Auron MacIntyre went live on X on Friday, Sept. 19. His monologue included the statement, “If you are almost religiously dedicated to mutilating children as a rite of passage for your political movement, then I can’t really debate your political movement with you any more.”
MacIntyre is correct. There is a fundamental divide. It’s religious in nature, by default of expressed intent. This divide will be sorted out, at least in part, with the help of ostensibly secular AI. The question remains, however: How much of the problem, the identitarian political violence and its ecology, which is about to be prosecuted, actually stems from or relates back to the same digital technology that will used in prosecution?
Some would doubt the legitimacy of this odd central role taken up by, or granted to, the transgender phenomenon. It may be no coincidence. It may be that the phenomenon itself is, in part, related very closely to the designs and aggressive expansion of digital technologies themselves. The relationships between transgenderism and transhumanism — between the cellular hive-like construction of the internet chat spaces and the disembodied solitariness of the online social interactions — are recursive, mutually reinforcing. There are loops between the human and his technological inventions that are not well enough understood.
What links trans, Antifa, and ex-special forces?
As AI steps onto the domestic counterterrorism scene, consider that Antifa has within its ranks several high-level, former special operations actors. Highly reliable sources within the special operations forces community have confided to this author the high probability of Antifa access to support, training, and supervision from high-level former SOF personnel.
Several ex-SOF operators have famously self-identified as transgender either while serving or after separating from the military. Special operations is known to be very plugged in and tech-capable. Whatever the depth or oddity of the coalition, be assured that these actors understand counternarrative, sacrifice, subterfuge, and misdirection, to say nothing of kinetic action. They will allocate human resources as or more ruthlessly than any soulless corporation.
The human mind today (forget about the AI substitute) is so mind-bombed and under so many psyops that it is severely ill equipped to manage holistic environments. Binary circuit construction seems to force binary, computational, linear thinking.
If transgenderism is, in fact, somehow or other, directly tied to the dangerously warping dynamics of technology, what will be the nature of that interaction going forward? We don’t know yet. The emerging scenario is the type of hyper-dynamic environment created in fifth-generation-type multi-actor conflicts.

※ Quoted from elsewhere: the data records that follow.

lemma dmor_transpose:
  assumes tau: "(2, 2, tau) \<in> G" and "a < b" "b < K"
  shows "dmor G K K (permute_coords K (Transposition.transpose a b))"
  using assms(2,3)
proof (induction b)
  case (Suc b)
  show ?case
  proof (cases "a = b")
    case True
    then show ?thesis
      using dmor_swap_adjacent[OF tau] Suc.prems by simp
  next
    case False
    let ?s = "Transposition.transpose b (Suc b)"
    have "a < b"
      using False Suc.prems by simp
    then have "Transposition.transpose a (Suc b) = ?s \<circ> (Transposition.transpose a b \<circ> ?s)"
      by (auto simp: transpose_def fun_eq_iff)
    moreover have "dmor G K K (permute_coords K ?s)"
      using dmor_swap_adjacent[OF tau] Suc.prems by simp
    moreover have "\<forall>q<K. ?s q < K" "\<forall>q<K. (Transposition.transpose a b \<circ> ?s) q < K"
      using Suc.prems \<open>a < b\<close> by (auto simp: transpose_def)
    ultimately show ?thesis
      using Suc \<open>a < b\<close> by (metis Suc_lessD dmor_permute_coords_comp)
  qed
qed simp

lemma dmor_permute_coords:
  assumes tau: "(2, 2, tau) \<in> G" and \<rho>: "\<rho> permutes {..<K}"
  shows "dmor G K K (permute_coords K \<rho>)"
  using \<rho> finite_lessThan
proof (induction rule: permutes_induct)
  case id
  show ?case
    using dmor_id by (rule dm_ext) (auto simp: permute_coords_def intro: nth_equalityI)
next
  case (swap a b \<rho>)
  have "dmor G K K (permute_coords K (Transposition.transpose a b))"
    using dmor_transpose[OF tau, of a b K] dmor_transpose[OF tau, of b a K] swap.hyps
    by (cases a b rule: linorder_cases) (auto simp: transpose_commute)
  moreover have "\<forall>q<K. \<rho> q < K"
    using swap.hyps(4) permutes_in_image[of \<rho> "{..<K}"] by simp
  ultimately show ?case
    using swap.IH dmor_permute_coords_comp by blast
qed

definition cube_iso :: "'a set \<Rightarrow> ('a \<Rightarrow> 'a \<Rightarrow> bool) \<Rightarrow> nat \<Rightarrow> ('a \<Rightarrow> bool list) \<Rightarrow> bool" where
  "cube_iso J le K \<iota> \<longleftrightarrow> bij_betw \<iota> J (cube K) \<and> (\<forall>a\<in>J. \<forall>b\<in>J. le a b \<longleftrightarrow> cube_le (\<iota> a) (\<iota> b))"

lemma cube_iso_inv_into:
  assumes "cube_iso J le K \<iota>" "y \<in> cube K"
  shows "inv_into J \<iota> y \<in> J" "\<iota> (inv_into J \<iota> y) = y"
  using assms unfolding cube_iso_def
  by (metis bij_betw_apply bij_betw_inv_into, metis bij_betw_inv_into_right)

lemma cube_iso_apply: "cube_iso J le K \<iota> \<Longrightarrow> a \<in> J \<Longrightarrow> \<iota> a \<in> cube K"
  unfolding cube_iso_def by (metis bij_betw_apply)

lemma cube_iso_comp_order_iso:
  assumes h: "bij_betw h J J'" "\<forall>a\<in>J. \<forall>b\<in>J. le a b \<longleftrightarrow> le' (h a) (h b)"
    and g: "cube_iso J' le' K g"
  shows "cube_iso J le K (g \<circ> h)"
  using assms unfolding cube_iso_def by (auto simp: bij_betw_trans bij_betw_apply)

lemma cube_iso_comp_inv:
  assumes \<iota>: "cube_iso J le K \<iota>" and \<kappa>: "cube_iso J le K' \<kappa>"
  shows "cube_iso (cube K) cube_le K' (\<kappa> \<circ> inv_into J \<iota>)"
proof -
  have inv: "bij_betw (inv_into J \<iota>) (cube K) J"
    using \<iota> by (simp add: cube_iso_def bij_betw_inv_into)
  have "cube_le a b \<longleftrightarrow> cube_le (\<kappa> (inv_into J \<iota> a)) (\<kappa> (inv_into J \<iota> b))"
    if "a \<in> cube K" "b \<in> cube K" for a b
  proof -
    have "inv_into J \<iota> a \<in> J" "inv_into J \<iota> b \<in> J"
      using inv that by (simp_all add: bij_betw_apply)
    moreover have "\<iota> (inv_into J \<iota> a) = a" "\<iota> (inv_into J \<iota> b) = b"
      using \<iota> that unfolding cube_iso_def by (metis bij_betw_inv_into_right)+
    ultimately show ?thesis
      using \<iota> \<kappa> unfolding cube_iso_def by metis
  qed
  then show ?thesis
    using inv \<kappa> by (simp add: cube_iso_def bij_betw_trans)
qed
lemma scalar_prod_symmetric_mat_diff:
  fixes V :: "'a::comm_ring mat"
  assumes V: "V \<in> carrier_mat n n" "transpose_mat V = V"
    and x: "x \<in> carrier_vec n" and y: "y \<in> carrier_vec n"
  shows "(x + y) \<bullet> (V *\<^sub>v (x - y)) = x \<bullet> (V *\<^sub>v x) - y \<bullet> (V *\<^sub>v y)"
  using V x y scalar_prod_symmetric_mat[OF V y x]
  by (simp add: mult_minus_distrib_mat_vec[of _ n n] add_scalar_prod_distrib[of _ n]
      scalar_prod_minus_distrib[of _ n])

lemma kron_J1_mult_append:
  fixes Hp :: "real mat"
  assumes "Hp \<in> carrier_mat n k" "gR \<in> carrier_vec k" "gI \<in> carrier_vec k"
  shows "kron J1 Hp *\<^sub>v (gR @\<^sub>v gI) = (Hp *\<^sub>v gI) @\<^sub>v (- (Hp *\<^sub>v gR))"
proof (rule eq_vecI)
  show "dim_vec (kron J1 Hp *\<^sub>v (gR @\<^sub>v gI)) = dim_vec ((Hp *\<^sub>v gI) @\<^sub>v (- (Hp *\<^sub>v gR)))"
    using assms by (simp add: kron_def J1_def)
next
  fix i assume "i < dim_vec ((Hp *\<^sub>v gI) @\<^sub>v (- (Hp *\<^sub>v gR)))"
  then have i: "i < 2 * n" using assms by simp
  have split: "{0..<k+k} = {0..<k} \<union> {k..<k+k}" by auto
  have shift: "sum f {k..<k+k} = (\<Sum>j\<in>{0..<k}. f (j + k))" for f :: "nat \<Rightarrow> real"
    using sum.shift_bounds_nat_ivl[of _ 0 k k] by simp
  have lower_block: "i div n = 1 \<and> i mod n = i - n" if "\<not> i < n"
    using i that by (simp add: div_nat_eqI le_mod_geq)
  have "(kron J1 Hp *\<^sub>v (gR @\<^sub>v gI)) $ i
       = (\<Sum>j\<in>{0..<k+k}. kron J1 Hp $$ (i,j) * (gR @\<^sub>v gI) $ j)"
    using assms i by (simp add: kron_def J1_def scalar_prod_def mult_mat_vec_def row_def)
  also have "\<dots> = (\<Sum>j\<in>{0..<k}. kron J1 Hp $$ (i,j) * gR $ j)
                  + (\<Sum>j\<in>{0..<k}. kron J1 Hp $$ (i,j+k) * gI $ j)"
    using assms by (simp add: split sum.union_disjoint shift)
  also have "\<dots> = ((Hp *\<^sub>v gI) @\<^sub>v (- (Hp *\<^sub>v gR))) $ i"
    using assms i lower_block
    by (cases "i < n") (auto simp: kron_def J1_def scalar_prod_def mult_mat_vec_def row_def
        sum_negf[symmetric] intro!: sum.cong)
  finally show "(kron J1 Hp *\<^sub>v (gR @\<^sub>v gI)) $ i = ((Hp *\<^sub>v gI) @\<^sub>v (- (Hp *\<^sub>v gR))) $ i" .
qed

Likely we will see, by default, an even greater and more explicit dependence on — and a giving over of power to — artificial intelligence. It will be easy to accept such moves as the human responsibility for justice decisions, always contested and imperfect, becomes more easily externalized.
The sheer volume of subdivisions and clique-making available to the cyber-individual, and the multitude of digitally sequestered spaces (chat rooms, forums, comms apps) enabling those moves, has grown so vast as to surpass the powers of human analysis. Investigation without AI would lag years behind the action curve of terrorism, while the unraveling and decoding of financial networks in support of now-designated terror groups is probably only possible with an entity native to those cyber networks.
We’ve entered the era of digital domestic counterterrorism. So has AI — and those who wield it most powerfully.